Directions: Go through the records and report each line holding the string "open".

*** Dataset entries ***

(* Let $f=a_1+2a_2+4a_3+8a_4\in\mathcal{GB}_n^{16}$ with $a_1,a_2,a_3,a_4\in\mathcal{B}_n$. Then $f$ is gbent if and only if: (i) when $n$ is even: for all $c_1,c_2,c_3\in\mathbb{F}_2$ the Boolean function $c_1a_1\oplus c_2a_2\oplus c_3a_3\oplus a_4$ is bent, and for all $\mathbf{u}\in\mathbb{F}_2^n$ $$\mathcal{W}_{a_4}(\mathbf{u})\mathcal{W}_{a_2\oplus a_4}(\mathbf{u})=\mathcal{W}_{a_3\oplus a_4}(\mathbf{u})\mathcal{W}_{a_2\oplus a_3\oplus a_4}(\mathbf{u})=\mathcal{W}_{a_1\oplus a_4}(\mathbf{u})\mathcal{W}_{a_1\oplus a_2\oplus a_4}(\mathbf{u})=\mathcal{W}_{a_1\oplus a_3\oplus a_4}(\mathbf{u})\mathcal{W}_{a_1\oplus a_2\oplus a_3\oplus a_4}(\mathbf{u})$$ and $\mathcal{W}_{a_4}(\mathbf{u})\mathcal{W}_{a_3\oplus a_4}(\mathbf{u})=\mathcal{W}_{a_1\oplus a_4}(\mathbf{u})\mathcal{W}_{a_1\oplus a_3\oplus a_4}(\mathbf{u})$; (ii) when $n$ is odd: for all $c_1,c_2,c_3\in\mathbb{F}_2$ the Boolean function $c_1a_1\oplus c_2a_2\oplus c_3a_3\oplus a_4$ is semibent, and for every $\mathbf{u}\in\mathbb{F}_2^n$ one of the following holds: either $\mathcal{W}_{a_4}(\mathbf{u})\mathcal{W}_{a_2\oplus a_4}(\mathbf{u})=\mathcal{W}_{a_1\oplus a_4}(\mathbf{u})\mathcal{W}_{a_1\oplus a_2\oplus a_4}(\mathbf{u})=\pm2^{n+1}$ and $\mathcal{W}_{a_3\oplus a_4}(\mathbf{u})=\mathcal{W}_{a_2\oplus a_3\oplus a_4}(\mathbf{u})=\mathcal{W}_{a_1\oplus a_3\oplus a_4}(\mathbf{u})=\mathcal{W}_{a_1\oplus a_2\oplus a_3\oplus a_4}(\mathbf{u})=0$; or $\mathcal{W}_{a_4}(\mathbf{u})=\mathcal{W}_{a_2\oplus a_4}(\mathbf{u})=\mathcal{W}_{a_1\oplus a_4}(\mathbf{u})=\mathcal{W}_{a_1\oplus a_2\oplus a_4}(\mathbf{u})=0$ and $\mathcal{W}_{a_3\oplus a_4}(\mathbf{u})\mathcal{W}_{a_2\oplus a_3\oplus a_4}(\mathbf{u})=\mathcal{W}_{a_1\oplus a_3\oplus a_4}(\mathbf{u})\mathcal{W}_{a_1\oplus a_2\oplus a_3\oplus a_4}(\mathbf{u})=\pm2^{n+1}$.
   Context: $\mathcal{B}_n$: Boolean functions $\mathbb{F}_2^n\to\mathbb{F}_2$; $\mathcal{GB}_n^q$: functions $\mathbb{F}_2^n\to\mathbb{Z}_q$; in $a_1+2a_2+4a_3+8a_4$ the values $0,1$ are viewed as integers and the sum is taken in $\mathbb{Z}_{16}$, while $\oplus$ is addition in $\mathbb{F}_2$. Walsh–Hadamard transform: $\mathcal{W}_g(\mathbf{u})=\sum_{\mathbf{x}\in\mathbb{F}_2^n}(-1)^{g(\mathbf{x})+\mathbf{u}\cdot\mathbf{x}}$. Generalized Walsh–Hadamard transform: $\mathcal{H}^{(q)}_f(\mathbf{u})=\sum_{\mathbf{x}}\zeta_q^{f(\mathbf{x})}(-1)^{\mathbf{u}\cdot\mathbf{x}}$, $\zeta_q=e^{2\pi i/q}$. $f\in\mathcal{GB}_n^q$ is gbent if $|\mathcal{H}^{(q)}_f(\mathbf{u})|=2^{n/2}$ for all $\mathbf{u}$. $g\in\mathcal{B}_n$ is bent if $|\mathcal{W}_g(\mathbf{u})|=2^{n/2}$ for all $\mathbf{u}$; $g$ is semibent if $|\mathcal{W}_g(\mathbf{u})|\in\{0,2^{(n+1)/2}\}$ for all $\mathbf{u}$ when $n$ is odd, resp. $\{0,2^{(n+2)/2}\}$ when $n$ is even. *)

theory Defs
  imports Complex_Main
begin

text \<open>The space F_2^n is modelled by boolean lists of length n
  (True = 1, False = 0). Boolean functions in B_n are functions
  bool list => bool, considered on this carrier only.\<close>

definition vecs :: "nat \<Rightarrow> bool list set" where
  "vecs n = {xs. length xs = n}"

definition dotp :: "bool list \<Rightarrow> bool list \<Rightarrow> bool" where
  "dotp u x = odd (card {i. i < length x \<and> u ! i \<and> x ! i})"

definition bxor :: "bool \<Rightarrow> bool \<Rightarrow> bool" where
  "bxor a b = (a \<noteq> b)"

definition walsh :: "nat \<Rightarrow> (bool list \<Rightarrow> bool) \<Rightarrow> bool list \<Rightarrow> real" where
  "walsh n g u = (\<Sum>x\<in>vecs n. (-1) ^ (of_bool (g x) + of_bool (dotp u x)))"

text \<open>Generalized Walsh-Hadamard transform for f : F_2^n -> Z_q,
  values of f taken as natural numbers representing residues mod q.\<close>
definition gwalsh :: "nat \<Rightarrow> nat \<Rightarrow> (bool list \<Rightarrow> nat) \<Rightarrow> bool list \<Rightarrow> complex" where
  "gwalsh q n f u = (\<Sum>x\<in>vecs n. cis (2 * pi / real q) ^ f x * (-1) ^ of_bool (dotp u x))"

definition gbent :: "nat \<Rightarrow> nat \<Rightarrow> (bool list \<Rightarrow> nat) \<Rightarrow> bool" where
  "gbent q n f = (\<forall>u\<in>vecs n. cmod (gwalsh q n f u) = 2 powr (real n / 2))"

definition bent :: "nat \<Rightarrow> (bool list \<Rightarrow> bool) \<Rightarrow> bool" where
  "bent n g = (\<forall>u\<in>vecs n. \<bar>walsh n g u\<bar> = 2 powr (real n / 2))"

definition semibent :: "nat \<Rightarrow> (bool list \<Rightarrow> bool) \<Rightarrow> bool" where
  "semibent n g = (\<forall>u\<in>vecs n. \<bar>walsh n g u\<bar> \<in>
     (if odd n then {0, 2 powr ((real n + 1) / 2)} else {0, 2 powr ((real n + 2) / 2)}))"

end

theory Submission
  imports Defs
begin

text \<open>Group the points x by their level j(x) = a1(x) + 2 a2(x) + 4 a3(x) \<in> {0..7}. Then
  H_f(u) = \<Sum>_k m_k \<zeta>^k with \<zeta> = e^{i\<pi>/8} and integers m_k, and the eight Walsh values
  W_{c1 a1 \<oplus> c2 a2 \<oplus> c3 a3 \<oplus> a4}(u) form the Hadamard transform of m.
  Since \<zeta>^8 = -1, |\<Sum>_k m_k \<zeta>^k|^2 = c0 + c1 \<eta> + c2 (\<eta>^2 - 2) + c3 (\<eta>^3 - 3\<eta>), where
  \<eta> = 2 cos(\<pi>/8) has degree 4 over \<rat> and the c_s are the negacyclic autocorrelations of m;
  so f is gbent at u iff c0 = 2^n and c1 = c2 = c3 = 0.
  Multiplication by 1 - \<zeta>^4 doubles every c_s, and the parities of the c_s force m to be such a
  product, so induction on n shows that the solutions are exactly \<plusminus>2^{n/2} \<zeta>^k for even n and
  2^{(n-1)/2} (\<plusminus>\<zeta>^k \<plusminus> \<zeta>^{k+4}) for odd n. The Walsh conditions of the theorem describe
  precisely the Hadamard transforms of these vectors.\<close>

lemma sum_lessThan_8: "(\<Sum>k<8. h k) = h 0 + h 1 + h 2 + h 3 + h 4 + h 5 + h 6 + h 7"
  for h :: "nat \<Rightarrow> 'a::comm_monoid_add"
  by (simp add: eval_nat_numeral lessThan_Suc ac_simps)

lemma less_8_cases:
  assumes "k < (8::nat)"
  obtains "k = 0" | "k = 1" | "k = 2" | "k = 3" | "k = 4" | "k = 5" | "k = 6" | "k = 7"
  using assms by fastforce

lemma all_less_8: "(\<forall>c<8. P c) \<longleftrightarrow> P 0 \<and> P 1 \<and> P 2 \<and> P 3 \<and> P 4 \<and> P 5 \<and> P 6 \<and> P 7"
  for P :: "nat \<Rightarrow> bool"
  by (auto elim: less_8_cases)
(* Let $k\ge 2$ and $j\ge 0$, $n\ge 0$ be integers, and consider the random $k$-tree process. Suppose that in $G(j)$ a vertex $x$ has $A>0$ neighbors and is contained in $B$ many $k$-cliques. Conditional on this, the degree of $x$ in $G(n+j)$ is distributed as $$A+\frac{1}{k-1}\left(\operatorname{Urn}\left(B,\,kj+1-B,\,\begin{bmatrix}k&0\\1&k-1\end{bmatrix},\,n\right)-B\right).$$
   Context: Random $k$-tree process: $G(0)$ is a clique on $k$ vertices; for $t\ge1$, $G(t)$ is obtained from $G(t-1)$ by choosing a $k$-clique of $G(t-1)$ uniformly at random, creating a new vertex, and joining it to all vertices of the chosen clique ($G(t)$ has $kt+1$ many $k$-cliques). Generalized Pólya–Eggenberger urn: for nonnegative integers $\alpha,\beta,\gamma,\delta$, start with $W_0$ white and $B_0$ black balls; in each step a ball is drawn uniformly at random and returned; if it is white, $\delta$ white and $\gamma$ black balls are added; if it is black, $\beta$ white and $\alpha$ black balls are added. $\operatorname{Urn}\left(W_0,B_0,\begin{bmatrix}\alpha&\beta\\\gamma&\delta\end{bmatrix},n\right)$ denotes the number of white balls right after $n$ draws. *)

theory Defs
  imports "HOL-Probability.Probability"
begin

text \<open>A graph is a pair (V, E) of a vertex set of naturals and a set of
undirected edges, each edge being a 2-element set of vertices.\<close>
type_synonym graph = "nat set \<times> nat set set"

definition kcliques :: "nat \<Rightarrow> graph \<Rightarrow> nat set set" where
  "kcliques k G = {S. S \<subseteq> fst G \<and> card S = k \<and>
      (\<forall>u\<in>S. \<forall>v\<in>S. u \<noteq> v \<longrightarrow> {u, v} \<in> snd G)}"

definition neighbors :: "graph \<Rightarrow> nat \<Rightarrow> nat set" where
  "neighbors G x = {y. y \<in> fst G \<and> y \<noteq> x \<and> {x, y} \<in> snd G}"

definition degree :: "graph \<Rightarrow> nat \<Rightarrow> nat" where
  "degree G x = card (neighbors G x)"

definition nkcliques_at :: "nat \<Rightarrow> graph \<Rightarrow> nat \<Rightarrow> nat" where
  "nkcliques_at k G x = card {S \<in> kcliques k G. x \<in> S}"

definition ktree_init :: "nat \<Rightarrow> graph" where
  "ktree_init k = ({0..<k}, {{u, v} | u v. u < k \<and> v < k \<and> u \<noteq> v})"

text \<open>One step: choose a k-clique uniformly at random, add a fresh vertex
(the vertex card V, which is not in V = {0..<card V}) joined to all vertices
of the chosen clique.\<close>
definition ktree_step :: "nat \<Rightarrow> graph \<Rightarrow> graph pmf" where
  "ktree_step k G = map_pmf
     (\<lambda>C. (insert (card (fst G)) (fst G), snd G \<union> {{card (fst G), u} | u. u \<in> C}))
     (pmf_of_set (kcliques k G))"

*** End of Dataset entries ***

Problem solution:
text \<open>The space F_2^n is modelled by boolean lists of length n
text \<open>Generalized Walsh-Hadamard transform for f : F_2^n -> Z_q,
text \<open>Group the points x by their level j(x) = a1(x) + 2 a2(x) + 4 a3(x) \<in> {0..7}. Then
text \<open>A graph is a pair (V, E) of a vertex set of naturals and a set of
text \<open>One step: choose a k-clique uniformly at random, add a fresh vertex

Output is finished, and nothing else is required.